33. ‘J’aimais cette petite ville singulière’ has been taken from Michelet’s La mer (1861), book 1, ‘Un regard sur les mers’, chapter 2, ‘Plages, grèves et falaises’, which describes the pleasant seaside town of Granville in Normandy. Ed. Paris 1861, pp. 13-20 (quotation on p. 14). This also occurs in a poetry album made for Theo, as well as on a loose sheet containing several texts (see RM5). See Pabst 1988, pp. 13, 87. In La mer, Michelet describes in a lyrical, discursive manner the relationship between man and the sea.
36. Biblical.
39. This conviction was inspired in part by Mr van Gogh, who urged Vincent to seek human society in order to improve his social skills. See letter 141, l. 55.
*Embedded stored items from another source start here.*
lemma sum_subsets_containing_by_card:
  fixes f :: "nat \<Rightarrow> 'b::comm_semiring_1"
  assumes "finite A" "a \<in> A" "finite G" "0 \<notin> G"
  shows "(\<Sum>B\<in>{B. B \<subseteq> A \<and> a \<in> B \<and> card B \<in> G}. f (card B)) =
    (\<Sum>g\<in>G. of_nat ((card A - 1) choose (g - 1)) * f g)"
proof -
  let ?F = "{B. B \<subseteq> A \<and> a \<in> B \<and> card B \<in> G}"
  have "(\<Sum>B\<in>?F. f (card B)) = (\<Sum>g\<in>G. \<Sum>B\<in>{B \<in> ?F. card B = g}. f (card B))"
    by (rule sum.group[symmetric, OF _ assms(3)])
      (use assms(1) in \<open>auto intro: finite_subset[of _ "Pow A"]\<close>)
  also have "\<dots> = (\<Sum>g\<in>G. of_nat ((card A - 1) choose (g - 1)) * f g)"
  proof (intro sum.cong refl)
    fix g assume "g \<in> G"
    then have "1 \<le> g" and "{B \<in> ?F. card B = g} = {B. B \<subseteq> A \<and> a \<in> B \<and> card B = g}"
      using assms(4) by (cases g, auto)
    then show "(\<Sum>B\<in>{B \<in> ?F. card B = g}. f (card B)) = of_nat ((card A - 1) choose (g - 1)) * f g"
      by (simp add: card_subsets_containing[OF assms(1,2)])
  qed
  finally show ?thesis .
qed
40. This pronouncement can be traced to a conversation Van Gogh had with the Rev. Gagnebin; see letter 142.
41. Robinson Crusoe is the protagonist of Daniel Defoe’s novel The life and strange surprising adventures of Robinson Crusoe of York, mariner (1719), the story of a man who lived for years in isolation on a tropical island. His physical and moral survival is due to his strength of mind and resourceful nature.
42. Van Gogh is perhaps referring to the native Friday, Robinson Crusoe’s companion during his last years on the island.
44. Regarding the conscience as a gift of God, see letter 133, n. 12.
49. ‘(Let us) raise our hearts on high’. An old liturgical exclamation uttered upon the elevation of the Eucharist; cf. Lam. 3:41, ‘Nun levemus corda nostra cum manibus ad Dominum in caelos’. ‘Sursum corda’ was Thomas Moore’s motto. Cf. also hymn 43, ‘Hoog, omhoog, het hart naar boven’ (Raise, on high, our hearts to the heavens) and Pabst 1988, p. 62.
54. Vincent must have sent this letter to Theo’s temporary address. The sales trip lasted for several weeks: Theo had already visited Amsterdam, Utrecht and Rotterdam before 4 April, but by 19 April the trip had evidently come to an end. In this period Theo paid Vincent a second visit (FR b1085, H.G. Tersteeg to Theo, 4 April, and FR b975).
55. See letter 141 with regard to August Carel Adler’s Sunday school in Barndesteeg. Mr van Gogh was not very enthusiastic about Vincent’s attachment to the Sunday school; over a week later he wrote to Theo: ‘I received a detailed letter from Vincent. He wanted so much to continue with that Sunday school, but even though I allowed him not to break it off so abruptly, I seriously advised him yet again to distance himself from it, in view of the great amount of work required by his studies and because of the danger of putting his heart into an activity of secondary importance and neglecting the main issue. Did you visit him? And how did you find him? We heard from the Strickers that they had once again been delighted to have him stay with them’ (FR b974, 12 April 1878).